» **Available records**
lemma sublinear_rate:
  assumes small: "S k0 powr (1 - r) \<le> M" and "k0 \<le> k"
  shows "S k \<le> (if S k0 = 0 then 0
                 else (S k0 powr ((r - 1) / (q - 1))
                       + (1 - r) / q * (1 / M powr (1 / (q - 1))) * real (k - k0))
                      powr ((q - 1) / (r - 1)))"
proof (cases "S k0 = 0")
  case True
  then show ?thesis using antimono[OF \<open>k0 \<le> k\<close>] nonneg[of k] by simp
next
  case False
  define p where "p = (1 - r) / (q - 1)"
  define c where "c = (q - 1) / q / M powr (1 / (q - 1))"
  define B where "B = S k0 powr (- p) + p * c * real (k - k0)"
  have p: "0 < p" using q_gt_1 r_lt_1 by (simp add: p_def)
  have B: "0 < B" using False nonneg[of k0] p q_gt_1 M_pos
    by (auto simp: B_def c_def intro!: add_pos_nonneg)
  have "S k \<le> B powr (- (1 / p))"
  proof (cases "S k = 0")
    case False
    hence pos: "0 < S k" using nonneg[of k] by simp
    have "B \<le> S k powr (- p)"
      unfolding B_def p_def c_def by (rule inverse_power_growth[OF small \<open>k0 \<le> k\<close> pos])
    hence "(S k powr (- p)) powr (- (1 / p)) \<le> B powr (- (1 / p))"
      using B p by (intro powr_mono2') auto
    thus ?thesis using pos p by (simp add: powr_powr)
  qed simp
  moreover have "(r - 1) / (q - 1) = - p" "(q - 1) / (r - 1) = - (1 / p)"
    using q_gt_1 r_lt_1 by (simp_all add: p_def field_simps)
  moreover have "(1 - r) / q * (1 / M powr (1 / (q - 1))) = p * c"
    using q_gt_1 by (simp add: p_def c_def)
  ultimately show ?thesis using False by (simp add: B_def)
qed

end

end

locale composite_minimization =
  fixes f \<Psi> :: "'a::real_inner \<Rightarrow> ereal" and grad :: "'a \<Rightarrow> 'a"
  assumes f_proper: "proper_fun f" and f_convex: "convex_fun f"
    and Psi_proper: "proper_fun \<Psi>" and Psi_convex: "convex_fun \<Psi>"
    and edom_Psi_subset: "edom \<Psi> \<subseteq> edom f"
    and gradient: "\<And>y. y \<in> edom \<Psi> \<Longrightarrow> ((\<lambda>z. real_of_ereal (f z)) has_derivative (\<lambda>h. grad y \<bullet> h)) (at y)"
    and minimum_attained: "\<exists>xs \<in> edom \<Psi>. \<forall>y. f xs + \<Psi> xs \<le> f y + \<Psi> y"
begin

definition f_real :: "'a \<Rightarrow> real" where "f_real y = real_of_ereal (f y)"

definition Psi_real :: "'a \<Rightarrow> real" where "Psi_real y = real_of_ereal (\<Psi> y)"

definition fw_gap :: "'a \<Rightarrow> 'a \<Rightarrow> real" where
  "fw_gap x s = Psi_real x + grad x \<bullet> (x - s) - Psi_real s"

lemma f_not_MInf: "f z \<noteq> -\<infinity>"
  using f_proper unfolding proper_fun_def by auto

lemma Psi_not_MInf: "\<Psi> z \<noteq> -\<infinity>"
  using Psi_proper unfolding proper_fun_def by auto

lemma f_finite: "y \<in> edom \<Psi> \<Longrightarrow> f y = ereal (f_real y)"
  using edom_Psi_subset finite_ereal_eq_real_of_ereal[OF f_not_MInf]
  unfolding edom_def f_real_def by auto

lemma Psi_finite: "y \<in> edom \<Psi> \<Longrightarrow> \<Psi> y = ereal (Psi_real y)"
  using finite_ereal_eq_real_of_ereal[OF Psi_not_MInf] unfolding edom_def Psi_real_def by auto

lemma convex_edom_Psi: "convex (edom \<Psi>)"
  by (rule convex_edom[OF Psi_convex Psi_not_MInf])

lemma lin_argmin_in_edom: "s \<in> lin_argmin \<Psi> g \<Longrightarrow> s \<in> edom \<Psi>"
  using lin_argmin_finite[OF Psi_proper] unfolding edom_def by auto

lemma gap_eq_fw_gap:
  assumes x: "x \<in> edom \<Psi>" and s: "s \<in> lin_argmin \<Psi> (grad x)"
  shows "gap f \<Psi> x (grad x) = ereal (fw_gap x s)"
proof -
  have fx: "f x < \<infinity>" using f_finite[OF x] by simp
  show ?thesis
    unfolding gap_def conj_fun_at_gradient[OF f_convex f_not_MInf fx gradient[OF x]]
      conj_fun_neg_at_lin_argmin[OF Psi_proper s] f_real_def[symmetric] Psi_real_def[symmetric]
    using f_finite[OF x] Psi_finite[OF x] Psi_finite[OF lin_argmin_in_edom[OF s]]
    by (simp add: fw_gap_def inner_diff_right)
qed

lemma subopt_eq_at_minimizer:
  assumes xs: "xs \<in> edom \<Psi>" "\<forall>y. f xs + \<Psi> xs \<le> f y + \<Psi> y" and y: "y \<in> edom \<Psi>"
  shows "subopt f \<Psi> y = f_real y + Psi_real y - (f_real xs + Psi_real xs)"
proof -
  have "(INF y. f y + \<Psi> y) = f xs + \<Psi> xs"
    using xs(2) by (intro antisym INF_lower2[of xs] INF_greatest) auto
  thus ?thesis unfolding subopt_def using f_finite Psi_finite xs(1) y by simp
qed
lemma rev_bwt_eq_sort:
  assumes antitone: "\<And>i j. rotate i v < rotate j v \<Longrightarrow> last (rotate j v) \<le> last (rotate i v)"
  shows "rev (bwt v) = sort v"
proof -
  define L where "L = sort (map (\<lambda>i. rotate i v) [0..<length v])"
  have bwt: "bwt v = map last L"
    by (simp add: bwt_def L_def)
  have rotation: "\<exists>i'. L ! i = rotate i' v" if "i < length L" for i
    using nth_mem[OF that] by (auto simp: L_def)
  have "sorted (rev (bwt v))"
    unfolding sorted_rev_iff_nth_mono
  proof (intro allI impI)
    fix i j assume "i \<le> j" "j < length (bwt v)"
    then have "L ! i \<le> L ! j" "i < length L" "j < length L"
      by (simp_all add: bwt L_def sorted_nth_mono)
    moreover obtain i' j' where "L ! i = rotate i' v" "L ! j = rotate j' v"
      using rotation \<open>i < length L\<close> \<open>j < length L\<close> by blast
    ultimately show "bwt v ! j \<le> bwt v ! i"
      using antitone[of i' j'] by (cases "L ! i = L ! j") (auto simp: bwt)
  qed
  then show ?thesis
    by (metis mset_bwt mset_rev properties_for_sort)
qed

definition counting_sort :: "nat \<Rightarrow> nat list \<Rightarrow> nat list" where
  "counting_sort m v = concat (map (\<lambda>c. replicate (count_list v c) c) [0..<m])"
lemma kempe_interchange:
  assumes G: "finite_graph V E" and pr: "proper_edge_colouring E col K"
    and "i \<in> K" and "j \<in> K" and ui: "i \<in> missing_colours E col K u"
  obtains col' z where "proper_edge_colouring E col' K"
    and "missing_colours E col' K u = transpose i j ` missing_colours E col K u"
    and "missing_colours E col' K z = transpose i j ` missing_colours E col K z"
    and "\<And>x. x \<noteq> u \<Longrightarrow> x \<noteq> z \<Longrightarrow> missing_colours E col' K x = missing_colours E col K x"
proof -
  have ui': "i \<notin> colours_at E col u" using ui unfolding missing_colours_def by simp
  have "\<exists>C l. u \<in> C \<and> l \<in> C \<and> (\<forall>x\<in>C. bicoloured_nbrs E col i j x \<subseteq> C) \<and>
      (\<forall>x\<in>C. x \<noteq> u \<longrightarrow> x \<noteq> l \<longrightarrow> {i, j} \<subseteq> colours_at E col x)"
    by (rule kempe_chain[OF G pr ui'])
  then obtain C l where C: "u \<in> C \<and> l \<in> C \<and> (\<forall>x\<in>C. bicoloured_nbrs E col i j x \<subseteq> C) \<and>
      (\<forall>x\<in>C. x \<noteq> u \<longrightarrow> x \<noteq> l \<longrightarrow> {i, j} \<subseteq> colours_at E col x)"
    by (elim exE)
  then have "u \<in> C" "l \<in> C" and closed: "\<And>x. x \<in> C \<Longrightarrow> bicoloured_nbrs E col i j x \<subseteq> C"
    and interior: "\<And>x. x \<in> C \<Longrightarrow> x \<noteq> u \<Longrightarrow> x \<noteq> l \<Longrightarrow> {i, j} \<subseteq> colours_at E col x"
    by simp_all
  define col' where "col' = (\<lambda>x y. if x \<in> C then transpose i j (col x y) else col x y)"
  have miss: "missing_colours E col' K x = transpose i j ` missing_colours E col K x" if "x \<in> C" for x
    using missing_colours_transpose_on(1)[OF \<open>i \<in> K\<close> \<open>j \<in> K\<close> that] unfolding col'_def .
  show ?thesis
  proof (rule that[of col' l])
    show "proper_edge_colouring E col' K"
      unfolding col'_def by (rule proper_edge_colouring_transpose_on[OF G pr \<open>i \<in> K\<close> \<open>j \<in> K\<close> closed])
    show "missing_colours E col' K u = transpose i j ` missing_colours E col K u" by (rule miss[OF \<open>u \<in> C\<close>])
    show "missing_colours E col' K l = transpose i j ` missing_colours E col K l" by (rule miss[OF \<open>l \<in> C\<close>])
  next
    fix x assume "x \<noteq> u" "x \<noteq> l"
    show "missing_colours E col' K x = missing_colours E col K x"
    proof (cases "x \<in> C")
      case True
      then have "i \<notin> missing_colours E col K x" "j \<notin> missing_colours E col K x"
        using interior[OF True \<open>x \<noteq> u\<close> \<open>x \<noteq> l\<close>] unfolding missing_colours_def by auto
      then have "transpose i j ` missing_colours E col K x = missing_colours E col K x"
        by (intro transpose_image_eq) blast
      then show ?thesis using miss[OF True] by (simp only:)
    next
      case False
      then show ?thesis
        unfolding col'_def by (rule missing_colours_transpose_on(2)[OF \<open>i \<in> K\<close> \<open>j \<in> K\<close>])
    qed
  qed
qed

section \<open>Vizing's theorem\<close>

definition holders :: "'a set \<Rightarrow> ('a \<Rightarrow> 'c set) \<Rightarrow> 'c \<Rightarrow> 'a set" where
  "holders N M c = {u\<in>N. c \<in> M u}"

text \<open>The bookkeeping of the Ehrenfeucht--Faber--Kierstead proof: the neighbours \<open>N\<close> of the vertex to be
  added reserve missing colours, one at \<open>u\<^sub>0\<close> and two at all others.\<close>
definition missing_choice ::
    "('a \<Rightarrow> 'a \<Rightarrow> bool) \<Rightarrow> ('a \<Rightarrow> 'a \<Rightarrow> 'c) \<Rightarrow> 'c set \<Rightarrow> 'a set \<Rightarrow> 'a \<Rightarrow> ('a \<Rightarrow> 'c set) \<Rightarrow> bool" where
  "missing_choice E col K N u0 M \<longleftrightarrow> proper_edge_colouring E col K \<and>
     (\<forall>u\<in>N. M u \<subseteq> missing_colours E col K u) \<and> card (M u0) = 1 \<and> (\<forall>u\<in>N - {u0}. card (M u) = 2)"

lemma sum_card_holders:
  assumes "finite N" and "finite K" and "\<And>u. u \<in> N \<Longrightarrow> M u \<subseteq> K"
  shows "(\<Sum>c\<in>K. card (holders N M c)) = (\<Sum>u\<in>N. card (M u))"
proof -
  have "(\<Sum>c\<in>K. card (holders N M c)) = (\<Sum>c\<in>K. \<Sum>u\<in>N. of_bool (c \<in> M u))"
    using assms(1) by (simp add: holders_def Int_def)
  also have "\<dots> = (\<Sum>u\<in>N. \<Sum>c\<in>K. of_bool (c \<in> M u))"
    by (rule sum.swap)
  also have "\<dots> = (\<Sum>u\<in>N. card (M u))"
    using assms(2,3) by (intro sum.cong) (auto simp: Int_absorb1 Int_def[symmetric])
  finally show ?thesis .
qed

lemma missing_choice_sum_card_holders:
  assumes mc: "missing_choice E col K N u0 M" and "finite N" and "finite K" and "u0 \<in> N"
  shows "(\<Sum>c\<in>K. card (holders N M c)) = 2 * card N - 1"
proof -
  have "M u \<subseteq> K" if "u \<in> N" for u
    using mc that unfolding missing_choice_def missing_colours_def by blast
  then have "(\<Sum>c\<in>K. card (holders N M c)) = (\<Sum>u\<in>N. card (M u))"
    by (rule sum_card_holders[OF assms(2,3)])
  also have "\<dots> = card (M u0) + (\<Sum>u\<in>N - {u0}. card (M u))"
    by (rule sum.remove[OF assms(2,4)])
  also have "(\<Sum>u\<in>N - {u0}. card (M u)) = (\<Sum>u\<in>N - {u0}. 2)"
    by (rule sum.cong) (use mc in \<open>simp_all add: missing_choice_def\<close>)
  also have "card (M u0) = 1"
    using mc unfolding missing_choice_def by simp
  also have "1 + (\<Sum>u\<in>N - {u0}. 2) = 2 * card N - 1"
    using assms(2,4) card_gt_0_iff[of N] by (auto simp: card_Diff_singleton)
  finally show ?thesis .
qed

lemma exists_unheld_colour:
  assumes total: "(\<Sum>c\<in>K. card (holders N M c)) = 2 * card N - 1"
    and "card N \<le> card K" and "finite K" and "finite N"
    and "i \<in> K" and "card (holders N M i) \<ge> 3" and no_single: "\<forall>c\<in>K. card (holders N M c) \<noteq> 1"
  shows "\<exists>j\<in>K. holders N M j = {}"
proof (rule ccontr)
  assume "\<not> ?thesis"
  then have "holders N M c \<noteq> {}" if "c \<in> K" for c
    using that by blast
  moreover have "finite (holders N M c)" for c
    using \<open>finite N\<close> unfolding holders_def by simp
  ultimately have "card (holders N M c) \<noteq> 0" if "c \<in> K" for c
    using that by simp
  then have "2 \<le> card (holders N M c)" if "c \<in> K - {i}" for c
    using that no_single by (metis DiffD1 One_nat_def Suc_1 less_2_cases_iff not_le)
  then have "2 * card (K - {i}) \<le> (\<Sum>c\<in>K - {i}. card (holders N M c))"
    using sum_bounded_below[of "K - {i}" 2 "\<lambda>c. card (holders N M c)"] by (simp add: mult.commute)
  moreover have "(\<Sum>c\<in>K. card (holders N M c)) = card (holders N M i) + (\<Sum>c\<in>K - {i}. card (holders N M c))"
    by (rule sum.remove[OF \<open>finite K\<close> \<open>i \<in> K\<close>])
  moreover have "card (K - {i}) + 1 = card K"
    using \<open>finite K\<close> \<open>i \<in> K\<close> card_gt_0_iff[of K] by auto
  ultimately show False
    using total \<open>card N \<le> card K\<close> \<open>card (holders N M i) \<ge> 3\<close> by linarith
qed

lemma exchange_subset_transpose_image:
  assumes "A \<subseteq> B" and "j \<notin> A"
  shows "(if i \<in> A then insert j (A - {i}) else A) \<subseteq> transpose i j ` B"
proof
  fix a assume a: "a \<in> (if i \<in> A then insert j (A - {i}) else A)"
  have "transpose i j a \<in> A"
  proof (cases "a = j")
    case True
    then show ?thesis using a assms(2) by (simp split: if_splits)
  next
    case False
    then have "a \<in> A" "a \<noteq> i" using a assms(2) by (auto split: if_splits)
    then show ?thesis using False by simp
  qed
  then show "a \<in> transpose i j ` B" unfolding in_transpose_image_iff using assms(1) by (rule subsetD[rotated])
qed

» **Exercise aim**
Find every line in the records that contains the word "rotation"; copy those lines.

» **Written answer**
  have rotation: "\<exists>i'. L ! i = rotate i' v" if "i < length L" for i
      using rotation \<open>i < length L\<close> \<open>j < length L\<close> by blast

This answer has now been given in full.